Portfolio for Martyn Norman

Building a Better 3D Web: The Journey of Creating a Practical Camera Configuration Tool

By Marty Norman | Lead Creative at Byte Bee


The Problem Every Three.js Developer Faces

If you’ve ever worked with Three.js for web projects, you know the pain: setting up camera positions and transitions is tedious, time-consuming, and involves endless trial-and-error with numerical values in your code. You tweak a coordinate, refresh the browser, realize it’s not quite right, go back to your code, adjust again, refresh… repeat fifty times.

For a recent client project requiring scroll-driven 3D navigation with multiple camera viewpoints, I found myself in this exact situation. The project demanded precise camera positioning for five different sections, smooth transitions between them, and a polished user experience. The standard workflow simply wasn’t cutting it.

That’s when I decided to build something better.

The Vision: Blender Meets Browser

As someone who works across both Blender and web development, I noticed a fundamental disconnect. In Blender, positioning cameras is intuitive—you use familiar navigation controls, see your changes in real-time, and can fine-tune everything visually. But when it came time to translate those perfect camera angles to Three.js code? You were back to guessing coordinates and hoping for the best.

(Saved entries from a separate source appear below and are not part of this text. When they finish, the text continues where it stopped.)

(* Let $d\ge 1$ and let $P\in\mathbb{C}[x]$ be a degree-$d$ polynomial such that: $P$ has parity $(d\bmod 2)$; $|P(x)|\le 1$ for all $x\in[-1,1]$; $|P(x)|\ge 1$ for all $x\in(-\infty,-1]\cup[1,\infty)$; and if $d$ is even then $P(ix)P^*(ix)\ge 1$ for all $x\in\mathbb{R}$. Then there exists $\Phi=(\phi_1,\ldots,\phi_d)\in\mathbb{R}^d$ such that for all $x\in[-1,1]$ the top-left entry of $\prod_{j=1}^{d}\left(e^{i\phi_j\sigma_z}R(x)\right)$ equals $P(x)$. Moreover, for $x\in\{-1,1\}$ we have $P(x)=x^d\prod_{j=1}^de^{i\phi_j}$, and if $d$ is even then $P(0)=e^{-i\sum_{j=1}^d(-1)^j\phi_j}$.
   Context: $\sigma_z=\mathrm{diag}(1,-1)$. For $x\in[-1,1]$, $R(x)=\begin{pmatrix} x & \sqrt{1-x^2}\\ \sqrt{1-x^2} & -x\end{pmatrix}$. $\prod_{j=1}^d M_j=M_1M_2\cdots M_d$. For $P(x)=\sum_j a_jx^j$, $P^*(x)=\sum_j\overline{a_j}x^j$. Parity $(d\bmod 2)$ means $P$ is even if $d$ is even and odd if $d$ is odd. *)

theory Defs
  imports "HOL-Analysis.Analysis" "HOL-Computational_Algebra.Polynomial"
begin

definition expSigmaZ :: "real \<Rightarrow> complex^2^2" where
  "expSigmaZ \<phi> = (\<chi> a b. if a = b then (if a = 1 then exp (\<i> * of_real \<phi>) else exp (- \<i> * of_real \<phi>)) else 0)"

definition Rmat :: "real \<Rightarrow> complex^2^2" where
  "Rmat x = (\<chi> a b. if a = 1 \<and> b = 1 then of_real x
                     else if a = 2 \<and> b = 2 then - of_real x
                     else of_real (sqrt (1 - x\<^sup>2)))"

text \<open>Ordered product prod_{j=1}^d (exp(i phi_j sigma_z) R(x)) = M_1 M_2 ... M_d,
  where the phase list is [phi_1, ..., phi_d].\<close>
definition qspProd :: "real list \<Rightarrow> real \<Rightarrow> complex^2^2" where
  "qspProd \<Phi> x = foldr (\<lambda>\<phi> M. (expSigmaZ \<phi> ** Rmat x) ** M) \<Phi> (mat 1)"

definition conj_poly :: "complex poly \<Rightarrow> complex poly" where
  "conj_poly P = map_poly cnj P"

definition has_parity :: "complex poly \<Rightarrow> nat \<Rightarrow> bool" where
  "has_parity P d \<longleftrightarrow> (\<forall>z. poly P (- z) = (-1) ^ d * poly P z)"

end

theory Submission
  imports Defs "HOL-Computational_Algebra.Fundamental_Theorem_Algebra"
begin

text \<open>
  First complete \<open>P\<close> to a pair \<open>(P, Q)\<close> with \<open>P P\<^sup>* + (1 - x\<^sup>2) Q Q\<^sup>* = 1\<close> and \<open>Q\<close> of the
  opposite parity. The polynomial \<open>1 - P P\<^sup>*\<close> is even and vanishes at \<open>\<plusminus>1\<close>, so it equals
  \<open>(1 - x\<^sup>2) H(x\<^sup>2)\<close>; the hypotheses on \<open>P\<close> make \<open>H\<close> (for even \<open>d\<close>: \<open>H(w)/w\<close>) nonnegative
  on the real line, hence of the form \<open>q q\<^sup>*\<close> by the fundamental theorem of algebra, and
  \<open>Q(x) = x\<^sup>e q(x\<^sup>2)\<close>.

  The unitary with first row \<open>(P, \<surd>(1 - x\<^sup>2) Q)\<close> is then peeled one factor
  \<open>exp(i \<phi> \<sigma>\<^sub>z) R(x)\<close> at a time: the phase is chosen so that the leading coefficients
  cancel, which lowers the degree while keeping the identity and the parities. At degree 0
  only a diagonal phase remains, and it is absorbed into \<open>\<phi>\<^sub>1\<close>. Evaluating the product at \<open>x = \<plusminus>1\<close> and \<open>x = 0\<close> gives the
  remaining claims.
\<close>

section \<open>Conjugate polynomials and parity\<close>

lemma poly_conj_poly: "poly (conj_poly P) z = cnj (poly P (cnj z))"
  unfolding conj_poly_def by (induction P) (auto simp: map_poly_pCons)

lemma coeff_conj_poly: "coeff (conj_poly P) n = cnj (coeff P n)"
  unfolding conj_poly_def by (simp add: coeff_map_poly)

lemma degree_conj_poly: "degree (conj_poly P) = degree P"
  unfolding conj_poly_def by (rule degree_map_poly) auto

lemma conj_poly_eq_0_iff [simp]: "conj_poly P = 0 \<longleftrightarrow> P = 0"
  unfolding conj_poly_def by (simp add: map_poly_eq_0_iff)

lemma conj_poly_mult: "conj_poly (p * q) = conj_poly p * conj_poly q"
  by (rule poly_ext) (simp add: poly_conj_poly)

lemma conj_poly_eq_self:
  assumes "\<And>y::real. poly K (of_real y) \<in> \<real>"
  shows "conj_poly K = K"
proof -
  have "poly (K - conj_poly K) (of_real y) = 0" for y
    using assms[of y] by (auto simp: poly_conj_poly elim!: Reals_cases)
  then have "range complex_of_real \<subseteq> {z. poly (K - conj_poly K) z = 0}" by auto
  moreover have "infinite (range complex_of_real)"
    by (metis finite_imageD inj_of_real infinite_UNIV_char_0)
  moreover have "K - conj_poly K = 0"
  proof (rule ccontr)
    assume "K - conj_poly K \<noteq> 0"
    then have "finite {z. poly (K - conj_poly K) z = 0}" by (rule poly_roots_finite)
    with calculation show False by (meson finite_subset)
  qed
  ultimately show ?thesis by simp
qed

lemma mult_cnj_eq_iff_cmod_eq: "a * cnj a = b * cnj b \<longleftrightarrow> cmod a = cmod b"
proof -
  have "a * cnj a = b * cnj b \<longleftrightarrow> (cmod a)\<^sup>2 = (cmod b)\<^sup>2"
    by (simp only: complex_norm_square[symmetric] of_real_eq_iff)
  also have "\<dots> \<longleftrightarrow> cmod a = cmod b" by (simp add: power2_eq_iff_nonneg)
  finally show ?thesis .
qed

lemma coeff_eq_0_if_has_parity:
  assumes "has_parity P m" "odd (k + m)"
  shows "coeff P k = 0"
proof -
  have "pcompose P [:0,-1:] = smult ((-1)^m) P"
    using assms(1) by (intro poly_ext) (simp add: poly_pcompose has_parity_def)
  then have "(-1)^k * coeff P k = (-1)^m * coeff P k"
    by (metis coeff_pcompose_linear coeff_smult)
  moreover have "(-1::complex)^k = - ((-1)^m)"
    using assms(2) by (cases "even k") (auto simp: minus_one_power_iff)
  ultimately show ?thesis by (cases "even m") auto
qed
theorem theorem7p8:
  fixes M :: "'m monoid" and TM :: "'m topology"
    and G :: "'g monoid" and TG :: "'g topology" and f :: "'m \<Rightarrow> 'g"
  assumes epi: "tgr_epi M TM G TG f"
    and H_def: "H = TG closure_of (f ` carrier M)"
    and cond: "right_unif_non_archimedean G TG H \<or> non_archimedean_group G TG \<or> openin TG H"
  shows "TG closure_of (f ` carrier M) = carrier G"
proof -
  have hM: "haus_topgroup M TM" and hG: "haus_topgroup G TG" and f: "cont_hom M TM G TG f"
    using epi by (auto simp: tgr_epi_def)
  interpret topgroup G TG using hG by (simp add: topgroup_def haus_topgroup_def)
  have T2: "Hausdorff_space TG" using hG by (simp add: haus_topgroup_def)
  interpret f: group_hom M G f
    using hM f by (simp add: group_hom_def group_hom_axioms_def haus_topgroup_def
        topological_group_def cont_hom_def is_group)
  have H: "subgroup H G" "closedin TG H"
    unfolding H_def using subgroup_closure_of[OF f.img_is_subgroup] by simp_all
  have fH: "f ` carrier M \<subseteq> H"
    unfolding H_def using closure_of_subset f.img_is_subgroup subgroup.subset topspace_carrier by metis
  obtain RR where RR: "coset_equiv_family G TG H RR"
    using cond right_unif_non_archimedean_if_non_archimedean[OF H(1)]
      coset_equiv_family_equiv_entourages[OF T2 H] coset_equiv_family_open_subgroup[OF T2 H(1)] by blast
  have "carrier G \<subseteq> H"
  proof (rule coset_equiv_family.carrier_subset_if_determining[OF RR])
    fix Q :: "'g list monoid" and TQ g h
    assume "haus_topgroup Q TQ" "cont_hom G TG Q TQ g" "cont_hom G TG Q TQ h" "\<forall>y\<in>H. g y = h y"
    moreover from this(4) fH have "\<forall>x\<in>carrier M. g (f x) = h (f x)" by blast
    ultimately show "\<forall>y\<in>carrier G. g y = h y" using epi unfolding tgr_epi_def by blast
  qed
  then show ?thesis using H(1) subgroup.subset H_def by blast
qed

end
(* Let $x=\sum_{i=1}^n x_iv_i\in V$ and $I=\mathrm{supp}_x$. Let $F$ be a nonempty face of $C_I$, let $J=\{i\in I:\alpha_i\in F\}$ and set $v_F=\sum_{i\in J}x_iv_i$. Then $\mu_{\mathfrak a}:A\cdot v_F\to\mathrm{relint}\,F$ is a diffeomorphism onto $\mathrm{relint}\,F$. Moreover, $\overline{A\cdot x}$ is the disjoint union of the orbits $A\cdot v_F$, as $F$ runs over the set of nonempty faces of $C_I$.
   Context: Let $V$ be a finite-dimensional real vector space with a scalar product $\langle\cdot,\cdot\rangle$. Let $G\subset\mathrm{GL}(V)$ be a connected closed subgroup, closed under transpose, with Lie algebra $\mathfrak g$, such that $G=K\exp(\mathfrak p)$ with $K=G\cap\mathrm O(V)$, $\mathfrak p=\mathfrak g\cap\mathrm{Sym}(V)$. Let $\mathfrak a\subset\mathfrak p$ be an Abelian subalgebra, $A=\exp(\mathfrak a)$, and $\mu_{\mathfrak a}:V\to\mathfrak a^*$, $\mu_{\mathfrak a}(x)(\xi)=\langle\xi x,x\rangle$. Fix an orthonormal basis $v_1,\dots,v_n$ of $V$ simultaneously diagonalizing $\mathfrak a$, with $\xi v_i=\alpha_i(\xi)v_i$, $\alpha_i\in\mathfrak a^*$. For $x=\sum x_iv_i$, $\mathrm{supp}_x=\{i:x_i\ne0\}$; for $I\subset\{1,\dots,n\}$, $C_I=\{\sum_{i\in I}s_i\alpha_i:s_i\ge0\}$. A face of a convex set $E$ is a convex $F\subset E$ such that if $x,y\in E$ and the relative interior of $[x,y]$ meets $F$ then $[x,y]\subset F$; $\mathrm{relint}$ denotes the interior in the affine hull. *)

theory Defs
  imports "HOL-Analysis.Analysis"
begin

coinductive smooth_on :: "'x::euclidean_space set \<Rightarrow> ('x \<Rightarrow> 'y::euclidean_space) \<Rightarrow> bool" where
  "\<lbrakk> open U; g differentiable_on U;
     \<And>h. smooth_on U (\<lambda>y. frechet_derivative g (at y) h) \<rbrakk> \<Longrightarrow> smooth_on U g"

text \<open>Smooth maps on arbitrary subsets of Euclidean spaces (Milnor): locally the
  restriction of a C-infinity map defined on an open set.\<close>
definition smooth_map_on :: "'x::euclidean_space set \<Rightarrow> ('x \<Rightarrow> 'y::euclidean_space) \<Rightarrow> bool" where
  "smooth_map_on S f \<longleftrightarrow>
     (\<forall>x\<in>S. \<exists>U g. open U \<and> x \<in> U \<and> smooth_on U g \<and> (\<forall>y\<in>S \<inter> U. g y = f y))"

definition diffeo_onto :: "('x::euclidean_space \<Rightarrow> 'y::euclidean_space) \<Rightarrow> 'x set \<Rightarrow> 'y set \<Rightarrow> bool" where
  "diffeo_onto f M N \<longleftrightarrow> bij_betw f M N \<and> smooth_map_on M f \<and> smooth_map_on N (inv_into M f)"

definition op_exp :: "('v::real_normed_vector \<Rightarrow> 'v) \<Rightarrow> 'v \<Rightarrow> 'v" where
  "op_exp T y = (\<Sum>n. (T ^^ n) y /\<^sub>R fact n)"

The solution seemed obvious: create a browser-based configuration tool that brings Blender’s intuitive camera workflow directly into the Three.js development process.

What Makes This Tool Different

1. Blender-Style Navigation

The tool implements exact Blender navigation controls:

  • Middle Mouse Button: Orbit/rotate view
  • Shift + Middle Mouse: Pan the camera
  • Scroll Wheel: Zoom in and out

No learning curve if you’re already familiar with Blender. For those who aren’t, it’s still more intuitive than typing coordinates blindly.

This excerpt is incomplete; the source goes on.